## What is needed
Take the line that contains "fix \<epsilon> h" and each line after it in the material below, and transcribe them exactly, stopping at the end.

## Task inputs
Segment Open

text \<open>\<open>\<phi>\<close> attains a positive minimum on the compact set \<open>{\<psi> \<ge> c}\<close>.\<close>

lemma compactin_eventually_sublevel_less:
  assumes K: "compactin X K"
    and \<phi>: "continuous_map (subtopology X K) euclideanreal \<phi>"
    and \<psi>: "continuous_map (subtopology X K) euclideanreal \<psi>"
    and zero: "\<And>h. h \<in> K \<Longrightarrow> \<phi> h \<le> 0 \<Longrightarrow> \<psi> h < c"
  shows "\<forall>\<^sub>F \<epsilon> in at_right 0. \<forall>h\<in>K. \<phi> h \<le> \<epsilon> \<longrightarrow> \<psi> h < c"
proof -
  have top: "topspace (subtopology X K) = K"
    using K compactin_subset_topspace by auto
  define K' where "K' = {h \<in> K. \<psi> h \<in> {c..}}"
  have "K' = {h \<in> topspace (subtopology X K). \<psi> h \<in> {c..}}"
    using top by (simp add: K'_def)
  then have closed: "closedin (subtopology X K) K'"
    using closedin_continuous_map_preimage[OF \<psi>, of "{c..}"] by simp
  have "compactin (subtopology X K) K"
    using K compactin_subtopology by blast
  then have cK': "compactin (subtopology X K) K'"
    by (rule closed_compactin[OF _ _ closed]) (auto simp: K'_def)
  obtain e where e: "e > 0" "\<And>h. h \<in> K' \<Longrightarrow> e \<le> \<phi> h"
  proof (cases "K' = {}")
    case False
    have "compact (\<phi> ` K')" using image_compactin[OF cK' \<phi>] by simp
    then obtain m where m: "m \<in> K'" "\<And>h. h \<in> K' \<Longrightarrow> \<phi> m \<le> \<phi> h"
      using compact_attains_inf[of "\<phi> ` K'"] False by auto
    have "\<phi> m > 0" using m(1) zero by (force simp: K'_def)
    then show thesis using that m(2) by blast
  qed (use that[of 1] in simp)
  have "\<forall>\<^sub>F \<epsilon> in at_right 0. \<epsilon> < e"
    using e(1) eventually_at_right_real[of 0 e] by (simp add: eventually_mono)
  then show ?thesis
  proof (rule eventually_mono, intro ballI impI)
    fix \<epsilon> h assume "\<epsilon> < e" "h \<in> K" "\<phi> h \<le> \<epsilon>"
    then show "\<psi> h < c" using e(2)[of h] by (force simp: K'_def)
  qed
qed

Segment Closed

## Solution below
    fix \<epsilon> h assume "\<epsilon> < e" "h \<in> K" "\<phi> h \<le> \<epsilon>"
    then show "\<psi> h < c" using e(2)[of h] by (force simp: K'_def)
  qed
qed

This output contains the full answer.